## Task objective
Identify and copy all lines of the material where the string "rule" is found.

## Input data
lemma openin_compact_open_subbasic:
  assumes "compactin X K" "openin Y U"
  shows "openin (compact_open X Y) {f \<in> cmaps X Y. f ` K \<subseteq> U}"
  unfolding compact_open_def by (rule topology_generated_by_Basis) (use assms in blast)

lemma continuous_map_into_compact_open:
  assumes "f \<in> topspace Z \<rightarrow> cmaps X Y"
    and "\<And>K U. compactin X K \<Longrightarrow> openin Y U \<Longrightarrow> openin Z {z \<in> topspace Z. f z ` K \<subseteq> U}"
  shows "continuous_map Z (compact_open X Y) f"
  unfolding compact_open_def
proof (rule continuous_on_generated_topo)
  fix S assume "S \<in> {{f \<in> cmaps X Y. f ` K \<subseteq> U} | K U. compactin X K \<and> openin Y U}"
  then obtain K U where "S = {f \<in> cmaps X Y. f ` K \<subseteq> U}" "compactin X K" "openin Y U"
    by blast
  moreover from this have "f -` S \<inter> topspace Z = {z \<in> topspace Z. f z ` K \<subseteq> U}"
    using assms(1) by auto
  ultimately show "openin Z (f -` S \<inter> topspace Z)"
    using assms(2) by simp
next
  show "f ` topspace Z \<subseteq> \<Union>{{f \<in> cmaps X Y. f ` K \<subseteq> U} | K U. compactin X K \<and> openin Y U}"
    using assms(1) topspace_compact_open[of X Y] by (auto simp: compact_open_def)
qed

lemma cmaps_image_subset: "f \<in> cmaps X Y \<Longrightarrow> f ` topspace X \<subseteq> topspace Y"
  by (simp add: cmaps_def continuous_map_image_subset_topspace)

lemma postcomp_in_cmaps_subtopology:
  assumes "continuous_map (subtopology Y S) Z e" "f \<in> cmaps X Y" "f ` topspace X \<subseteq> S"
  shows "postcomp X e f \<in> cmaps X Z"
proof -
  have "continuous_map X (subtopology Y S) f"
    using assms(2,3) by (auto simp: cmaps_def continuous_map_in_subtopology)
  then have "continuous_map X Z (e \<circ> f)"
    using assms(1) by (rule continuous_map_compose)
  then show ?thesis
    unfolding cmaps_def postcomp_def by (auto intro: continuous_map_eq)
qed

lemma postcomp_in_cmaps:
  assumes "continuous_map Y Z e" "f \<in> cmaps X Y"
  shows "postcomp X e f \<in> cmaps X Z"
  using postcomp_in_cmaps_subtopology[of Y "topspace Y" Z e f X] assms cmaps_image_subset[OF assms(2)]
  by simp

lemma postcomp_eqI:
  assumes "g \<in> cmaps X Z" "\<And>x. x \<in> topspace X \<Longrightarrow> e (f x) = g x"
  shows "postcomp X e f = g"
  using assms by (auto simp: postcomp_def cmaps_def extensional_def)
(* The subgroup of Brunnian braids in $P_n$, namely $\bigcap_{i=1}^n Q_{\{i\}}$, is equal to the subgroup of $P_n$ generated by all monic commutators $x$ with $\sigma(x)=N=\{1,\dots,n\}$.
   Context: $P_n$ denotes the pure braid group on $n$ strands, generated by elements $p_{a,b}$ for $1\le a<b\le n$ subject to the relations: (A) $p_{a,b}p_{a,c}p_{b,c}=p_{a,c}p_{b,c}p_{a,b}=p_{b,c}p_{a,b}p_{a,c}$ for $1\le a<b<c\le n$; (B) $p_{a,b}p_{c,d}=p_{c,d}p_{a,b}$ and $p_{a,d}p_{b,c}=p_{b,c}p_{a,d}$ for $1\le a<b<c<d\le n$; (C) $p_{a,c}p_{b,c}^{-1}p_{b,d}p_{b,c}=p_{b,c}^{-1}p_{b,d}p_{b,c}p_{a,c}$ for $1\le a<b<c<d\le n$. Let $N=\{1,\dots,n\}$. For $S\subseteq N$: $P_S$ is the subgroup generated by the $p_{a,b}$ with $a,b\in S$; $Q_S$ is the subgroup generated by the $p_{a,b}$ with $a\in S$ or $b\in S$. A pure braid is Brunnian if deleting any single strand gives the trivial braid, i.e. it lies in $Q_{\{i\}}$ for every $i\in N$. Commutator convention: $[x,y]=x^{-1}y^{-1}xy$. Monic commutators are defined recursively: each $p_{a,b}$ and $p_{a,b}^{-1}$ ($1\le a<b\le n$) is a monic commutator; if $x,y$ are monic commutators and $[x,y]\neq1$, then $[x,y]$ is a monic commutator. The support $\sigma(x)$ of $x\in P_n$ is the intersection of all $S\subseteq N$ such that $x\in P_S$. *)

theory Defs
  imports "HOL-Algebra.Group" "HOL-Algebra.Generated_Groups"
begin

text \<open>A letter is ((a,b), True) for p_{a,b} and
  ((a,b), False) for its inverse.\<close>

type_synonym pb_letter = "(nat \<times> nat) \<times> bool"
type_synonym pb_word = "pb_letter list"

definition pb_letters :: "nat \<Rightarrow> pb_letter set" where
  "pb_letters n = {((a,b),e). 1 \<le> a \<and> a < b \<and> b \<le> n}"

definition pb_words :: "nat \<Rightarrow> pb_word set" where
  "pb_words n = {w. set w \<subseteq> pb_letters n}"

fun inv_letter :: "pb_letter \<Rightarrow> pb_letter" where
  "inv_letter (g, e) = (g, \<not> e)"

definition pw :: "nat \<Rightarrow> nat \<Rightarrow> pb_word" where
  "pw a b = [((a,b), True)]"

definition pwi :: "nat \<Rightarrow> nat \<Rightarrow> pb_word" where
  "pwi a b = [((a,b), False)]"

definition pb_rels :: "nat \<Rightarrow> (pb_word \<times> pb_word) set" where
  "pb_rels n =
     {(pw a b @ pw a c @ pw b c, pw a c @ pw b c @ pw a b) | a b c.
         1 \<le> a \<and> a < b \<and> b < c \<and> c \<le> n}
   \<union> {(pw a c @ pw b c @ pw a b, pw b c @ pw a b @ pw a c) | a b c.
         1 \<le> a \<and> a < b \<and> b < c \<and> c \<le> n}
   \<union> {(pw a b @ pw c d, pw c d @ pw a b) | a b c d.
         1 \<le> a \<and> a < b \<and> b < c \<and> c < d \<and> d \<le> n}
   \<union> {(pw a d @ pw b c, pw b c @ pw a d) | a b c d.
         1 \<le> a \<and> a < b \<and> b < c \<and> c < d \<and> d \<le> n}
   \<union> {(pw a c @ pwi b c @ pw b d @ pw b c, pwi b c @ pw b d @ pw b c @ pw a c) | a b c d.
         1 \<le> a \<and> a < b \<and> b < c \<and> c < d \<and> d \<le> n}"

inductive pb_eq :: "nat \<Rightarrow> pb_word \<Rightarrow> pb_word \<Rightarrow> bool" for n where
  refl: "w \<in> pb_words n \<Longrightarrow> pb_eq n w w"
| sym: "pb_eq n u v \<Longrightarrow> pb_eq n v u"
| trans: "pb_eq n u v \<Longrightarrow> pb_eq n v w \<Longrightarrow> pb_eq n u w"
| cong: "pb_eq n u v \<Longrightarrow> x \<in> pb_words n \<Longrightarrow> y \<in> pb_words n \<Longrightarrow> pb_eq n (x @ u @ y) (x @ v @ y)"
| cancel: "l \<in> pb_letters n \<Longrightarrow> pb_eq n [l, inv_letter l] []"
| rel: "(u, v) \<in> pb_rels n \<Longrightarrow> pb_eq n u v"

definition pb_rel :: "nat \<Rightarrow> pb_word rel" where
  "pb_rel n = {(u, v). pb_eq n u v}"

definition cls :: "nat \<Rightarrow> pb_word \<Rightarrow> pb_word set" where
  "cls n w = pb_rel n `` {w}"

definition PB :: "nat \<Rightarrow> pb_word set monoid" where
  "PB n = \<lparr> carrier = Equiv_Relations.quotient (pb_words n) (pb_rel n),
           monoid.mult = (\<lambda>A B. \<Union>u\<in>A. \<Union>v\<in>B. cls n (u @ v)),
           one = cls n [] \<rparr>"

definition pgen :: "nat \<Rightarrow> nat \<Rightarrow> nat \<Rightarrow> pb_word set" where
  "pgen n a b = cls n (pw a b)"

definition PS :: "nat \<Rightarrow> nat set \<Rightarrow> pb_word set set" where
  "PS n S = generate (PB n) {pgen n a b | a b. 1 \<le> a \<and> a < b \<and> b \<le> n \<and> a \<in> S \<and> b \<in> S}"

definition QS :: "nat \<Rightarrow> nat set \<Rightarrow> pb_word set set" where
  "QS n S = generate (PB n) {pgen n a b | a b. 1 \<le> a \<and> a < b \<and> b \<le> n \<and> (a \<in> S \<or> b \<in> S)}"
(* With $X_n,Y_n$ as below, let $M_{a,b}(n)=E[X_n^{a}Y_n^{b}]$. Then for all integers $r,s\ge 1$: $$\lim_{n\to\infty}M_{2r,2s}(n)=\frac{(2r)!}{2^r r!}\cdot\frac{(2s)!}{2^s s!},\qquad \lim_{n\to\infty}M_{2r-1,2s-1}(n)=0,$$ and moreover $M_{2r,2s-1}(n)=0$ and $M_{2r-1,2s}(n)=0$ for every $n$.
   Context: For a permutation $\pi=\pi_1\cdots\pi_n$ of $\{1,\dots,n\}$: $\mathrm{inv}(\pi)$ is the number of pairs $1\le i<j\le n$ with $\pi_i>\pi_j$, and $\mathrm{maj}(\pi)$ is the sum of all positions $i\in\{1,\dots,n-1\}$ with $\pi_i>\pi_{i+1}$. For $\pi$ uniformly random in $S_n$ ($n\ge2$), $X_n=(\mathrm{inv}(\pi)-m_n)/\sigma_n$ and $Y_n=(\mathrm{maj}(\pi)-m_n)/\sigma_n$, where $m_n=n(n-1)/4$ and $\sigma_n^2=(2n^3+3n^2-5n)/72$. *)

theory Defs
  imports "HOL-Analysis.Analysis" "HOL-Combinatorics.Permutations"
begin

definition inv_stat :: "nat \<Rightarrow> (nat \<Rightarrow> nat) \<Rightarrow> nat" where
  "inv_stat n p = card {(i, j). 1 \<le> i \<and> i < j \<and> j \<le> n \<and> p i > p j}"

definition maj_stat :: "nat \<Rightarrow> (nat \<Rightarrow> nat) \<Rightarrow> nat" where
  "maj_stat n p = (\<Sum>i \<in> {i. 1 \<le> i \<and> i \<le> n - 1 \<and> p i > p (Suc i)}. i)"

definition mean_n :: "nat \<Rightarrow> real" where
  "mean_n n = real n * (real n - 1) / 4"

definition sigma_n :: "nat \<Rightarrow> real" where
  "sigma_n n = sqrt ((2 * real n ^ 3 + 3 * real n ^ 2 - 5 * real n) / 72)"

definition X_n :: "nat \<Rightarrow> (nat \<Rightarrow> nat) \<Rightarrow> real" where
  "X_n n p = (real (inv_stat n p) - mean_n n) / sigma_n n"

definition Y_n :: "nat \<Rightarrow> (nat \<Rightarrow> nat) \<Rightarrow> real" where
  "Y_n n p = (real (maj_stat n p) - mean_n n) / sigma_n n"

definition M_mom :: "nat \<Rightarrow> nat \<Rightarrow> nat \<Rightarrow> real" where
  "M_mom a b n = (\<Sum>p \<in> {p. p permutes {1..n}}. X_n n p ^ a * Y_n n p ^ b)
                 / real (card {p. p permutes {1..n}})"

end

theory Submission
  imports Defs "HOL-Real_Asymp.Real_Asymp"
begin

text \<open>Write I = inv - m_N and M = maj - m_N for the centred statistics on the permutations of {1..N}.
  Every permutation of {1..N+1} arises exactly once by inserting the letter N+1 into a permutation
  w of {1..N} after its first s letters, 0 \<le> s \<le> N.  This raises inv by N - s and maj by
  an amount maj_shift N s w which, for fixed w, runs bijectively through {0..N} as s does
  (the classical insertion proof that inv and maj are equidistributed).  Expanding binomially, the joint
  power sums of (I, M) satisfy a recursion in N whose coefficients are power sums over s of the
  centred shifts.  The complement p i \<mapsto> N+1 - p i negates I and M, so all joint moments of
  odd total degree vanish; averaged against the complement, the mixed (1,1) coefficient is also
  explicit.  An induction on the total degree 2K, with the Stolz-Cesaro theorem and denominators
  sigma_N^(2K), then shows that E[I^a M^b] / sigma_N^(a+b) tends to g(a) g(b), where g(k) is the k-th
  moment of the standard Gaussian; the main theorem is the case of even and of odd exponents.\<close>

definition perms :: "nat \<Rightarrow> (nat \<Rightarrow> nat) set" where
  "perms n = {p. p permutes {1..n}}"

lemma finite_perms: "finite (perms n)"
  unfolding perms_def by (rule finite_permutations) simp

lemma card_perms: "card (perms n) = fact n"
  unfolding perms_def by (rule card_permutations) auto

lemma permutes_interval_range:
  "w permutes {1..N} \<Longrightarrow> 1 \<le> i \<Longrightarrow> i \<le> N \<Longrightarrow> 1 \<le> w i \<and> w i \<le> N"
  using permutes_in_image[of w "{1..N}" i] by auto

lemma permutes_interval_inj: "w permutes {1..N} \<Longrightarrow> w i = w j \<Longrightarrow> i = j"
  using permutes_inj by (metis injD)

text \<open>insert_top N s w inserts the letter N+1 into the word w 1 ... w N right after its first s
  letters, giving the word w 1 ... w s (N+1) w (s+1) ... w N.\<close>
definition insert_top :: "nat \<Rightarrow> nat \<Rightarrow> (nat \<Rightarrow> nat) \<Rightarrow> nat \<Rightarrow> nat" where
  "insert_top N s w i =
     (if i \<le> s then w i else if i = Suc s then Suc N else if i \<le> Suc N then w (i - 1) else i)"

lemma insert_top_old_letter:
  assumes w: "w permutes {1..N}" and s: "s \<le> N" and i: "1 \<le> i" "i \<le> Suc N" "i \<noteq> Suc s"
  shows "1 \<le> insert_top N s w i \<and> insert_top N s w i \<le> N"
proof (cases "i \<le> s")
  case True
  then show ?thesis using permutes_interval_range[OF w, of i] i s by (simp add: insert_top_def)
next
  case False
  then have "1 \<le> i - 1" "i - 1 \<le> N" using i by auto
  then show ?thesis
    using permutes_interval_range[OF w, of "i - 1"] i s False by (simp add: insert_top_def)
qed

lemma insert_top_eq_top_iff:
  assumes w: "w permutes {1..N}" and s: "s \<le> N" and i: "i \<le> Suc N"
  shows "insert_top N s w i = Suc N \<longleftrightarrow> i = Suc s"
proof (cases "i = 0")
  case True
  then show ?thesis using permutes_not_in[OF w, of 0] by (simp add: insert_top_def)
next
  case False
  then show ?thesis using insert_top_old_letter[OF w s, of i] i by (auto simp: insert_top_def)
qed

lemma insert_top_permutes:
  assumes w: "w permutes {1..N}" and s: "s \<le> N"
  shows "insert_top N s w permutes {1..Suc N}"
proof (rule bij_imp_permutes)
  let ?q = "insert_top N s w"
  define f where "f i = (if i \<le> s then i else i - 1)" for i
  have q_f: "?q i = w (f i)" if "i \<noteq> Suc s" "i \<le> Suc N" for i
    using that by (auto simp: insert_top_def f_def)
  have inj: "inj_on ?q {1..Suc N}"
  proof (rule inj_onI)
    fix i j assume i: "i \<in> {1..Suc N}" and j: "j \<in> {1..Suc N}" and e: "?q i = ?q j"
    show "i = j"
    proof (cases "i = Suc s \<or> j = Suc s")
      case True
      have "i = Suc s \<longleftrightarrow> j = Suc s"
        using e i j insert_top_eq_top_iff[OF w s, of i] insert_top_eq_top_iff[OF w s, of j] by auto
      then show ?thesis using True by blast
    next
      case False
      then have "w (f i) = w (f j)" using e i j q_f[of i] q_f[of j] by simp
      then have "f i = f j" by (rule permutes_interval_inj[OF w])
      then show ?thesis using False i j by (auto simp: f_def split: if_splits)
    qed
  qed
  have "?q ` {1..Suc N} \<subseteq> {1..Suc N}"
  proof
    fix y assume "y \<in> ?q ` {1..Suc N}"
    then obtain i where i: "i \<in> {1..Suc N}" and y: "y = ?q i" by auto
    show "y \<in> {1..Suc N}" using i y s insert_top_old_letter[OF w s, of i]
      by (cases "i = Suc s") (auto simp: insert_top_def)
  qed
  then show "bij_betw ?q {1..Suc N} {1..Suc N}"
    using inj endo_inj_surj[of "{1..Suc N}" ?q] by (simp add: bij_betw_def)
next
  fix x assume "x \<notin> {1..Suc N}"
  then show "insert_top N s w x = x"
    using permutes_not_in[OF w, of 0] permutes_not_in[OF w, of x] s by (auto simp: insert_top_def)
qed

lemma insert_top_inj:
  assumes w: "w permutes {1..N}" and s: "s \<le> N" and w': "w' permutes {1..N}" and s': "s' \<le> N"
    and e: "insert_top N s w = insert_top N s' w'"
  shows "s = s' \<and> w = w'"
proof -
  have "insert_top N s' w' (Suc s) = Suc N"
    using e insert_top_eq_top_iff[OF w s, of "Suc s"] s by simp
  then have ss: "s = s'" using insert_top_eq_top_iff[OF w' s', of "Suc s"] s by simp
  have "w i = w' i" for i
  proof -
    consider "i \<le> s" | "s < i" "i \<le> N" | "N < i" by linarith
    then show ?thesis
    proof cases
      case 1 then show ?thesis using fun_cong[OF e, of i] ss by (simp add: insert_top_def)
    next
      case 2 then show ?thesis using fun_cong[OF e, of "Suc i"] ss by (simp add: insert_top_def)
    next
      case 3 then show ?thesis using permutes_not_in[OF w, of i] permutes_not_in[OF w', of i] by simp
    qed
  qed
  then show ?thesis using ss by auto
qed

lemma sum_perms_Suc:
  fixes F :: "(nat \<Rightarrow> nat) \<Rightarrow> 'a::comm_monoid_add"
  shows "(\<Sum>q\<in>perms (Suc N). F q) = (\<Sum>w\<in>perms N. \<Sum>s\<le>N. F (insert_top N s w))"
proof -
  let ?g = "\<lambda>(w, s). insert_top N s w" and ?A = "perms N \<times> {..N}"
  have inj: "inj_on ?g ?A"
  proof (rule inj_onI)
    fix x y assume "x \<in> ?A" "y \<in> ?A" "?g x = ?g y"
    then show "x = y" using insert_top_inj[of "fst x" N "snd x" "fst y" "snd y"]
      by (auto simp: perms_def case_prod_beta prod_eq_iff)
  qed
  have sub: "?g ` ?A \<subseteq> perms (Suc N)"
    using insert_top_permutes by (auto simp: perms_def)
  have "card (?g ` ?A) = card (perms (Suc N))"
    using card_image[OF inj] by (simp add: card_cartesian_product card_perms)
  then have img: "?g ` ?A = perms (Suc N)"
    using card_subset_eq[OF finite_perms sub] by simp
  have "(\<Sum>q\<in>perms (Suc N). F q) = (\<Sum>x\<in>?A. F (?g x))"
    unfolding img[symmetric] by (rule sum.reindex[OF inj, unfolded comp_def])
  then show ?thesis by (simp add: sum.cartesian_product case_prod_beta')
qed

definition inv_pairs :: "nat \<Rightarrow> (nat \<Rightarrow> nat) \<Rightarrow> (nat \<times> nat) set" where
  "inv_pairs n p = {(i, j). 1 \<le> i \<and> i < j \<and> j \<le> n \<and> p i > p j}"

lemma inv_stat_card: "inv_stat n p = card (inv_pairs n p)"
  by (simp add: inv_stat_def inv_pairs_def)

lemma finite_inv_pairs: "finite (inv_pairs n p)"
  by (rule finite_subset[of _ "{1..n} \<times> {1..n}"]) (auto simp: inv_pairs_def)

text \<open>The position of the old letter w i in the word insert_top N s w.\<close>
definition skip :: "nat \<Rightarrow> nat \<Rightarrow> nat" where
  "skip s i = (if i \<le> s then i else Suc i)"

lemma insert_top_skip: "i \<le> N \<Longrightarrow> insert_top N s w (skip s i) = w i"
  by (auto simp: insert_top_def skip_def)

lemma skip_less_iff: "skip s i < skip s j \<longleftrightarrow> i < j"
  by (auto simp: skip_def)

lemma insert_top_le:
  assumes w: "\<And>i. 1 \<le> i \<Longrightarrow> i \<le> N \<Longrightarrow> w i \<le> N" and s: "s \<le> N"
    and i: "1 \<le> i" "i \<le> Suc N" "i \<noteq> Suc s"
  shows "insert_top N s w i \<le> N"
proof (cases "i \<le> s")
  case True then show ?thesis using w[of i] i s by (simp add: insert_top_def)
next
  case False then show ?thesis using w[of "i - 1"] i s by (simp add: insert_top_def)
qed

## Your solution
  unfolding compact_open_def by (rule topology_generated_by_Basis) (use assms in blast)
proof (rule continuous_on_generated_topo)
    using assms(1) by (rule continuous_map_compose)
  unfolding perms_def by (rule finite_permutations) simp
  unfolding perms_def by (rule card_permutations) auto
proof (rule bij_imp_permutes)
  proof (rule inj_onI)
      then have "f i = f j" by (rule permutes_interval_inj[OF w])
  proof (rule inj_onI)
    unfolding img[symmetric] by (rule sum.reindex[OF inj, unfolded comp_def])
  by (rule finite_subset[of _ "{1..n} \<times> {1..n}"]) (auto simp: inv_pairs_def)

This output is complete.